American Canopy: Trees, Forests, and the Making of a Nation by Eric Rutkow (Scribner, 2012)

 

In the seminal text Wilderness and the American Mind (Yale University Press, 1967), Roderick Nash focuses on a historical interpretation of wilderness. Now we have an extension of such an approach with Eric Rutkow’s American Canopy: Trees, Forests, and the Making of a Nation. Here Rutkow focuses on trees, weaving a fascinating history of our nation through the foundation of our American relationship to trees. By seeing the historical lens of American formation through trees, Rutkow’s breadth includes a conservation, historical, and philosophical focus on trees as the foundation of our communities, laws, and civic virtues and vices. Rutkow writes, “How easy it is to forget that much of American history has been defined by trees.”

 

There is fascinating background about how New England furnished masts for the (British) Royal Navy, about the proliferation and meaning of Liberty Trees, and about cherry trees (the sakura) planted in Washington D.C. that were gifts from Japan. Deeply embedded in the gift of cherry trees was the parallel formation of the USDA’s “broad powers to inspect plant importations, target suspected threats, and issue quarantines as needed.”

 

Our relationship to trees reveals, perhaps, an American consciousness about our land and use of it. In this eminently readable book, which is a page-turner, we learn the long history of that tree consciousness. It’s a historical boom and bust relationship that turns in the contemporary era, in Rutkow’s view, to a question of environmental ethics. In the penultimate unit “Postwar Prosperity,” Rutkow writes:

The postwar years had produced fundamental shifts in the American landscape.

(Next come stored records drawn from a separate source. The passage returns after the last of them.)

lemma isl_layer: "w \<in> layer i \<Longrightarrow> isl w \<longleftrightarrow> even i"
proof (induction i arbitrary: w)
  case (Suc i)
  then obtain u where "u \<in> layer i" "adj u w" by (blast elim: layer_parent)
  then show ?case using Suc.IH adj_isl by auto
qed simp

lemma layer_neighbour:
  assumes "u \<in> layer i" and "adj u w"
  shows "w \<in> layer (Suc i) \<or> 0 < i \<and> w \<in> layer (i - 1)"
proof (cases "w \<in> ball i")
  case True
  then obtain t where "t \<le> i" and w: "w \<in> layer t" using ball_eq_UN_layer by auto
  have "t \<noteq> i"
    using isl_layer[OF assms(1)] isl_layer[OF w] adj_isl[OF assms(2)] by auto
  moreover have "i \<le> Suc t"
  proof -
    have "u \<in> ball (Suc t)"
      using w adj_sym[OF assms(2)] ball_eq_UN_layer[of t] by auto
    then obtain s where "s \<le> Suc t" "u \<in> layer s" using ball_eq_UN_layer by auto
    then show ?thesis using layer_unique[OF \<open>u \<in> layer s\<close> assms(1)] by simp
  qed
  ultimately have "i = Suc t" using \<open>t \<le> i\<close> by simp
  then show ?thesis using w by simp
next
  case False
  then show ?thesis using assms ball_eq_UN_layer[of i] by auto
qed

Farms and fields yielded to suburbs; private forest began to function as tree plantations; public forests became sites of leisure; and great swaths of land were transformed into official wilderness….

This period had also seen a remarkable change in the way that people thought about trees. On the one hand, wood had become much less conspicuous in daily life…. On the other hand, the nation’s forests had grown much more accessible.

While the historical sections, beginning with pilgrims, are fascinating, Rutkow makes no mention of Native Americans and their use of trees, and land-use practices, before the arrival of colonial powers. We have the masts for the Royal Navy, but where are the canoes made from single tree trunks? This seems a glaring oversight in such a wide-ranging and compelling book. The final unit lacks cohesion because, to this reader at least, much of Rutkow’s contemporary information on forestry reads as out-of-date. Why not focus on the non-industrialized timber owner efforts, such as the ones of IFOA members, for example? Some hands-on descriptions would bring the latter chapters to life in the way that the author Jack Nisbet has so viscerally brought David Douglas to life. (Surprisingly, David Douglas is not mentioned in American Canopy.) Nevertheless, American Canopy is a very good book, and wonderfully readable, and I highly recommend it.